Instructions to follow
Find the string "open" in the records and copy each line where it occurs.

[Collected data]
========================================================================

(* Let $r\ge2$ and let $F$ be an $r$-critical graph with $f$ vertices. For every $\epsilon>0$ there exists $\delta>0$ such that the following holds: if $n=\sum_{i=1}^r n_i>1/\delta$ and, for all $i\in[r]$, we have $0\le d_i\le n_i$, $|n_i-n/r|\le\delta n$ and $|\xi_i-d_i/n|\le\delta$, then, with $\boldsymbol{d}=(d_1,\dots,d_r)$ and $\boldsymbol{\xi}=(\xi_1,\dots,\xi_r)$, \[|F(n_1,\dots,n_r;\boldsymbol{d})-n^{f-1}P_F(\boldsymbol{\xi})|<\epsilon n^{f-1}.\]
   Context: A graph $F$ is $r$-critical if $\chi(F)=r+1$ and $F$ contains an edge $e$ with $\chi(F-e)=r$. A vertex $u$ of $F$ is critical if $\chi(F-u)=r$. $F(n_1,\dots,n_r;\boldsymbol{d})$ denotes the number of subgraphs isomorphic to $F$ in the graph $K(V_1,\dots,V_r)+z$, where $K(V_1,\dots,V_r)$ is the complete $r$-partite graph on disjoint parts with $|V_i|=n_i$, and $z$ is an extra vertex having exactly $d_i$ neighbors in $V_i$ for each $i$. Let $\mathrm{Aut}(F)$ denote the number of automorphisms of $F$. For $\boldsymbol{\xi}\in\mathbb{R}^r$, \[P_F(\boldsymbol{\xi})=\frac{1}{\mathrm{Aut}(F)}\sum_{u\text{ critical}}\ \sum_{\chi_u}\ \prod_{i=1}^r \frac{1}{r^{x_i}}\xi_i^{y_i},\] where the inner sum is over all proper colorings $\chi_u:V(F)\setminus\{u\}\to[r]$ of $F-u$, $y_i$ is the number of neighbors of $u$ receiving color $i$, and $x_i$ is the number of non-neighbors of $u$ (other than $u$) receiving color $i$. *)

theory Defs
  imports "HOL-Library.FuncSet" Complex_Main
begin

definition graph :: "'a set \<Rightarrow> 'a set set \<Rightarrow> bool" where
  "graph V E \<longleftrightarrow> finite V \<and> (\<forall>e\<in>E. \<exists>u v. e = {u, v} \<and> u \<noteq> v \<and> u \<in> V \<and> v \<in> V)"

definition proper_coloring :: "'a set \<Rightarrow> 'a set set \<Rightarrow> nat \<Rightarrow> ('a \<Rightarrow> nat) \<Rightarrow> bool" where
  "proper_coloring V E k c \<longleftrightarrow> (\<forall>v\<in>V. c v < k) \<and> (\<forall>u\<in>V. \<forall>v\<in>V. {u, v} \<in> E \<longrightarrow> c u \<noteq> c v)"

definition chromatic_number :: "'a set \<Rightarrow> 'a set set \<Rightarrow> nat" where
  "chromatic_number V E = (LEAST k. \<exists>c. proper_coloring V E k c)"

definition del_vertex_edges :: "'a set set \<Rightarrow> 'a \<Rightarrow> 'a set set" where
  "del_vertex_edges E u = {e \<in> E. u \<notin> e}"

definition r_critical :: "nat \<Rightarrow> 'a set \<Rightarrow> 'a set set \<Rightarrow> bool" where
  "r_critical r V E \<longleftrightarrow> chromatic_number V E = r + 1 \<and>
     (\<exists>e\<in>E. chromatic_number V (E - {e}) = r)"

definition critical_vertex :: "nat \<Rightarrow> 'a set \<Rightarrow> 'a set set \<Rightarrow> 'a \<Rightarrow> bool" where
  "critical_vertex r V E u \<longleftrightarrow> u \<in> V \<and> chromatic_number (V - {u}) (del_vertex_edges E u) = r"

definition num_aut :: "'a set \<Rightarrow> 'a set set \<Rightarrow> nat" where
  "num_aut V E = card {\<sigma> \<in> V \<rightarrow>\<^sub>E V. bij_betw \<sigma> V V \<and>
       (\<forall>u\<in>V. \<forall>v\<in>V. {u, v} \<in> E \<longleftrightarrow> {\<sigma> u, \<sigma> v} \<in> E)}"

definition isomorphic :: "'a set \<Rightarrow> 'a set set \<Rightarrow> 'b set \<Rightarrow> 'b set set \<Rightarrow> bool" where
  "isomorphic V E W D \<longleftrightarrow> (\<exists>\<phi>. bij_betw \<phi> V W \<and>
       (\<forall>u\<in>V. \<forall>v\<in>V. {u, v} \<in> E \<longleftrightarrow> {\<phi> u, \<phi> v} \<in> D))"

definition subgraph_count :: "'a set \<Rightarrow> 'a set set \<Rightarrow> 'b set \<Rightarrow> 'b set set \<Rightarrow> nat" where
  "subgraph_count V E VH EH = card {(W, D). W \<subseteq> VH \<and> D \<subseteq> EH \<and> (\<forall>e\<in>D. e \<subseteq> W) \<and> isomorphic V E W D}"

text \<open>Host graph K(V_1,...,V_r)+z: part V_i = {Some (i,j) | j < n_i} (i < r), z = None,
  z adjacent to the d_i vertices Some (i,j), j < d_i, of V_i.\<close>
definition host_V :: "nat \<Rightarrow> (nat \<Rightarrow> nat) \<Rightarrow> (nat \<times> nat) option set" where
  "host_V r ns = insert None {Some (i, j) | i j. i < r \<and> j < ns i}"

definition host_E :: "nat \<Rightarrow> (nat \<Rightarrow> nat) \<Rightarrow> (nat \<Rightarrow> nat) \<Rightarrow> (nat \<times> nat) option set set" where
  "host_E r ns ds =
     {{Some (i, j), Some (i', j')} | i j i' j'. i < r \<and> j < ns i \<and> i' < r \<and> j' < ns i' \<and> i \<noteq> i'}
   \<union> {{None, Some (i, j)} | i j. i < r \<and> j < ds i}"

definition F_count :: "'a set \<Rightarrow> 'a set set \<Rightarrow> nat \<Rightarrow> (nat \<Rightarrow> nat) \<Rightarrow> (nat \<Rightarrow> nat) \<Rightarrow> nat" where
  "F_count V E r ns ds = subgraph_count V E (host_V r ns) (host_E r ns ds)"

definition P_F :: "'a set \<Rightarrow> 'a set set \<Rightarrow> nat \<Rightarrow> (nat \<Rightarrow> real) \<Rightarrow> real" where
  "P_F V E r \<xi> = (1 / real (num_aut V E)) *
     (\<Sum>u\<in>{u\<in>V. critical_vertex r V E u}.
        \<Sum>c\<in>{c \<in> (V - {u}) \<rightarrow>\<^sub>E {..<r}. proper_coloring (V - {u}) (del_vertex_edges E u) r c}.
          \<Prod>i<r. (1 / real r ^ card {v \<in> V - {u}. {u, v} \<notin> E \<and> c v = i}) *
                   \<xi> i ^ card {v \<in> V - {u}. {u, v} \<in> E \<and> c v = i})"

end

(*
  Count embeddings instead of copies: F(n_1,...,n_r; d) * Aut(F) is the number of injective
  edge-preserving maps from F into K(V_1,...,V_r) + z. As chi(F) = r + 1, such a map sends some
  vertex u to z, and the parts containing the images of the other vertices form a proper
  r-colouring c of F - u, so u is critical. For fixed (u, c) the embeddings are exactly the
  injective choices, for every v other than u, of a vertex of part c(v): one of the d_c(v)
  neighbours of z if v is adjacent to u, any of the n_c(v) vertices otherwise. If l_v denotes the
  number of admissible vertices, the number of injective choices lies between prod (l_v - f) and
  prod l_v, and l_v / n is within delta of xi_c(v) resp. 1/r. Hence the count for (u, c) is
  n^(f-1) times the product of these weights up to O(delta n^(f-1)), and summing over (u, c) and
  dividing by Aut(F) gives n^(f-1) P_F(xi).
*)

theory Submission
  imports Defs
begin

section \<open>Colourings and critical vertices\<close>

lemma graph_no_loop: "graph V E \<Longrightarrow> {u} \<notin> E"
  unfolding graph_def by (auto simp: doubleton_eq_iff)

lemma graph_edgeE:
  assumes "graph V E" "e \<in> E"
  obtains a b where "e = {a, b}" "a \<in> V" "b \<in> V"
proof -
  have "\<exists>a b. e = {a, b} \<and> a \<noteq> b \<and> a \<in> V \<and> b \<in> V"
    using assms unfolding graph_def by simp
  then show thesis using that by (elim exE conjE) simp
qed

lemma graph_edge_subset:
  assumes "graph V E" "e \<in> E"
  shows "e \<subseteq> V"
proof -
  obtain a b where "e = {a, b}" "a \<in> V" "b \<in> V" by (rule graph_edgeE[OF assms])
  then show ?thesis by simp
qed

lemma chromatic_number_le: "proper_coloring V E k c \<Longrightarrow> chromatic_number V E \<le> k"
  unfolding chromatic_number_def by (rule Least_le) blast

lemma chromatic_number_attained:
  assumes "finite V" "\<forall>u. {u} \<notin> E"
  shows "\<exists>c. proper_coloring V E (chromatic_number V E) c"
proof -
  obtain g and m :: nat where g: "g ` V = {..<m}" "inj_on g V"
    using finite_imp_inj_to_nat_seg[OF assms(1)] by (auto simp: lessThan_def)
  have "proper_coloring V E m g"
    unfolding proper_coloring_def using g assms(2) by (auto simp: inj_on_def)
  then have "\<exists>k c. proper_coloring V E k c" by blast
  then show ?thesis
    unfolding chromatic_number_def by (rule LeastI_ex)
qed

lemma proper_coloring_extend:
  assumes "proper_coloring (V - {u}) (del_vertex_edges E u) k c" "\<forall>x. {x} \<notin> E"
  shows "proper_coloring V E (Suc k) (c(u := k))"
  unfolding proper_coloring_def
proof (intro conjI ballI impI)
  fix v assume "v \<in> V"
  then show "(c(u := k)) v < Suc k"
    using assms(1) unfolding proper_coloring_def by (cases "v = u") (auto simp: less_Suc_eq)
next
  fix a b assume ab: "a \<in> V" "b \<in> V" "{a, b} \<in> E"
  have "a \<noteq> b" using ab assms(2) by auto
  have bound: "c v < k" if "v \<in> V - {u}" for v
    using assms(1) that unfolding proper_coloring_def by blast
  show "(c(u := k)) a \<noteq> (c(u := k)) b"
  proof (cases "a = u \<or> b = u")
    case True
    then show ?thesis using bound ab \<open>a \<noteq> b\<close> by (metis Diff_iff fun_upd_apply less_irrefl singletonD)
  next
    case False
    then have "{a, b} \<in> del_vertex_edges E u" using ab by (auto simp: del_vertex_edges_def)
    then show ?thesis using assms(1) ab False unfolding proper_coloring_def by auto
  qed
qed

========================================================================

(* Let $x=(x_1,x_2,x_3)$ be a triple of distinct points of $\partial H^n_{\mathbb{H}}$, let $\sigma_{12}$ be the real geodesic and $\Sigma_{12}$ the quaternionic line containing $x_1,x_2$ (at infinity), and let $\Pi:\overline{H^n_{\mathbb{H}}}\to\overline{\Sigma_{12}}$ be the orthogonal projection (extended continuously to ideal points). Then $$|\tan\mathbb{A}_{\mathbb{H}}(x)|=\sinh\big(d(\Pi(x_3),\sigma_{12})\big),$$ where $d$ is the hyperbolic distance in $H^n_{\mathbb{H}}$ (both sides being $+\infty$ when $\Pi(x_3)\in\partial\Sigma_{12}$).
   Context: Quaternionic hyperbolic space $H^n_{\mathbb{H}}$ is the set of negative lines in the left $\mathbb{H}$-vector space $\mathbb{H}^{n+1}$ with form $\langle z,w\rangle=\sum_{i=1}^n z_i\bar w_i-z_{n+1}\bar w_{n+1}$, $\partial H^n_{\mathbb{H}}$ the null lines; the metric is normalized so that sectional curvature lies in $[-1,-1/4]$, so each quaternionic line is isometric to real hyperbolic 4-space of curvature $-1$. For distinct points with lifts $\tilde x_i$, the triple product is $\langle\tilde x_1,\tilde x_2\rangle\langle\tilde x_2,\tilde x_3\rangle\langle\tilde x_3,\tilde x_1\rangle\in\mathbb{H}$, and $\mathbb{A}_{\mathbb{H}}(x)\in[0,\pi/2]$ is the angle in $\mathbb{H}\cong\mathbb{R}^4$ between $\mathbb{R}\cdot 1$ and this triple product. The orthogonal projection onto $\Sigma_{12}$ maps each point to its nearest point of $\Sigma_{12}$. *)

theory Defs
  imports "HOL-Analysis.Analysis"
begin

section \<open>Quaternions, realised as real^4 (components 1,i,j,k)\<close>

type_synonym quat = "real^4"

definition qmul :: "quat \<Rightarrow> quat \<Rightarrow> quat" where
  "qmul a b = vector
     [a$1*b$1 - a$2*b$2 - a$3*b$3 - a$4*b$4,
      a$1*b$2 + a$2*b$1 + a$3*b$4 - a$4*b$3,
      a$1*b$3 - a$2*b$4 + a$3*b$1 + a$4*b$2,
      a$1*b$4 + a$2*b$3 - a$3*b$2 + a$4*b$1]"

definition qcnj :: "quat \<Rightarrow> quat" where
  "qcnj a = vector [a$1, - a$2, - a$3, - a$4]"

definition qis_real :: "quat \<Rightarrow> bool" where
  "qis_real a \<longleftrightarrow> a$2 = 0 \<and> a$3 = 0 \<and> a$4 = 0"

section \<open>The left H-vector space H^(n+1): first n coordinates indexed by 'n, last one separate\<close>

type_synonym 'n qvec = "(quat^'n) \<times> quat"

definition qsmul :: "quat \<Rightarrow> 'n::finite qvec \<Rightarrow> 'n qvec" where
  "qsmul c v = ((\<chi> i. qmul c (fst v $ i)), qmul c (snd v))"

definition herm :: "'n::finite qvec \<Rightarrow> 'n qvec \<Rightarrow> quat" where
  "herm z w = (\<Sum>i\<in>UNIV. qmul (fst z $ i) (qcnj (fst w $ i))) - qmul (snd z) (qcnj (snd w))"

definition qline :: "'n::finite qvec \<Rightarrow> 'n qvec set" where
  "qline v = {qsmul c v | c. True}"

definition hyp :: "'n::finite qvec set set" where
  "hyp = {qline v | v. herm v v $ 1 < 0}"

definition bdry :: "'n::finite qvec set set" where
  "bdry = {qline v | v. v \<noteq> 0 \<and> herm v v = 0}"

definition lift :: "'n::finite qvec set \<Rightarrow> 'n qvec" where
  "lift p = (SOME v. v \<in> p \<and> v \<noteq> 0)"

========================================================================

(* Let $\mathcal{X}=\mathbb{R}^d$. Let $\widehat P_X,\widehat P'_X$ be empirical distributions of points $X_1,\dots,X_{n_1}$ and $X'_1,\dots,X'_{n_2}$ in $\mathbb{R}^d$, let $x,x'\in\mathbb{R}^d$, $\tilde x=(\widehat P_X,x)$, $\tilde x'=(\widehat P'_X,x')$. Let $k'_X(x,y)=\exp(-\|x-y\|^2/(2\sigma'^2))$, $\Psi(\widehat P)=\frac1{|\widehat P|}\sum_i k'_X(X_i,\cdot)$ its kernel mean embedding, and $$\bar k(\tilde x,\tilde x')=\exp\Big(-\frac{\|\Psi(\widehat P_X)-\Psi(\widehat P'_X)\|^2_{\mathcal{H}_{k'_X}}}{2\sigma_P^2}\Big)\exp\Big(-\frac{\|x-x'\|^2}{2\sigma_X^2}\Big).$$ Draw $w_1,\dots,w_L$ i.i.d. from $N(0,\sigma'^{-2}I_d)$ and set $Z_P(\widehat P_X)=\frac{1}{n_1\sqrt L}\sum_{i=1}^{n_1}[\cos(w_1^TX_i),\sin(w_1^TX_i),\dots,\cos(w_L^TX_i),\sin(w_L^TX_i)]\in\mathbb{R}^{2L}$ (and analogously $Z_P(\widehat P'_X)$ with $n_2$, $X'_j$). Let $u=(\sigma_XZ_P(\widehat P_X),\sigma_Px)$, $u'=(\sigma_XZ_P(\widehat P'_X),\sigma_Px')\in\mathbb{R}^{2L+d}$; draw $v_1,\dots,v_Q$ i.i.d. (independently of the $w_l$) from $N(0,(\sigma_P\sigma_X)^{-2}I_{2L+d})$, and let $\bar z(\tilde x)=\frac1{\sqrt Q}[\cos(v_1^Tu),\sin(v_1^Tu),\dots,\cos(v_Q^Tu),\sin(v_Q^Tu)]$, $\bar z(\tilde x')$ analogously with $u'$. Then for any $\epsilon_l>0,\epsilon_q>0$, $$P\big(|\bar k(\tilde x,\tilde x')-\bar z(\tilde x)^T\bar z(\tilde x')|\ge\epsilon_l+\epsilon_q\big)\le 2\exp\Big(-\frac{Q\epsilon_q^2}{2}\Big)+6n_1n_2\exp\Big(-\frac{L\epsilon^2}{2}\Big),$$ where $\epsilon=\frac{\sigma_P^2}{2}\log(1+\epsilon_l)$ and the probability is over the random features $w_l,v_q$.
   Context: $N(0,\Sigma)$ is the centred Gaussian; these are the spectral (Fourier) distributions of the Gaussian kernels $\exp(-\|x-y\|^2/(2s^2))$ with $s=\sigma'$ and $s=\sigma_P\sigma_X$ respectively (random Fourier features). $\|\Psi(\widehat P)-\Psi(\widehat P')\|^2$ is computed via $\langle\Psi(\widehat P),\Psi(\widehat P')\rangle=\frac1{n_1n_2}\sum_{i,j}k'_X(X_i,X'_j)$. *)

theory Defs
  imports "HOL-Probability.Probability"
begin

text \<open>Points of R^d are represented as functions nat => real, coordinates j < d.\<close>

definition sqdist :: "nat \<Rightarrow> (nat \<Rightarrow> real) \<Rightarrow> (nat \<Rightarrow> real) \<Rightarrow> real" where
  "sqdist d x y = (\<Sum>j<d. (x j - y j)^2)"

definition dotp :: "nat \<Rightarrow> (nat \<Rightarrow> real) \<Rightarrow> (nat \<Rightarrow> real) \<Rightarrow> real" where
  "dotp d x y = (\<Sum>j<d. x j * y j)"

========================================================================

Your response
text \<open>Host graph K(V_1,...,V_r)+z: part V_i = {Some (i,j) | j < n_i} (i < r), z = None,
section \<open>Colourings and critical vertices\<close>
    then show ?thesis using bound ab \<open>a \<noteq> b\<close> by (metis Diff_iff fun_upd_apply less_irrefl singletonD)
section \<open>Quaternions, realised as real^4 (components 1,i,j,k)\<close>
section \<open>The left H-vector space H^(n+1): first n coordinates indexed by 'n, last one separate\<close>
text \<open>Points of R^d are represented as functions nat => real, coordinates j < d.\<close>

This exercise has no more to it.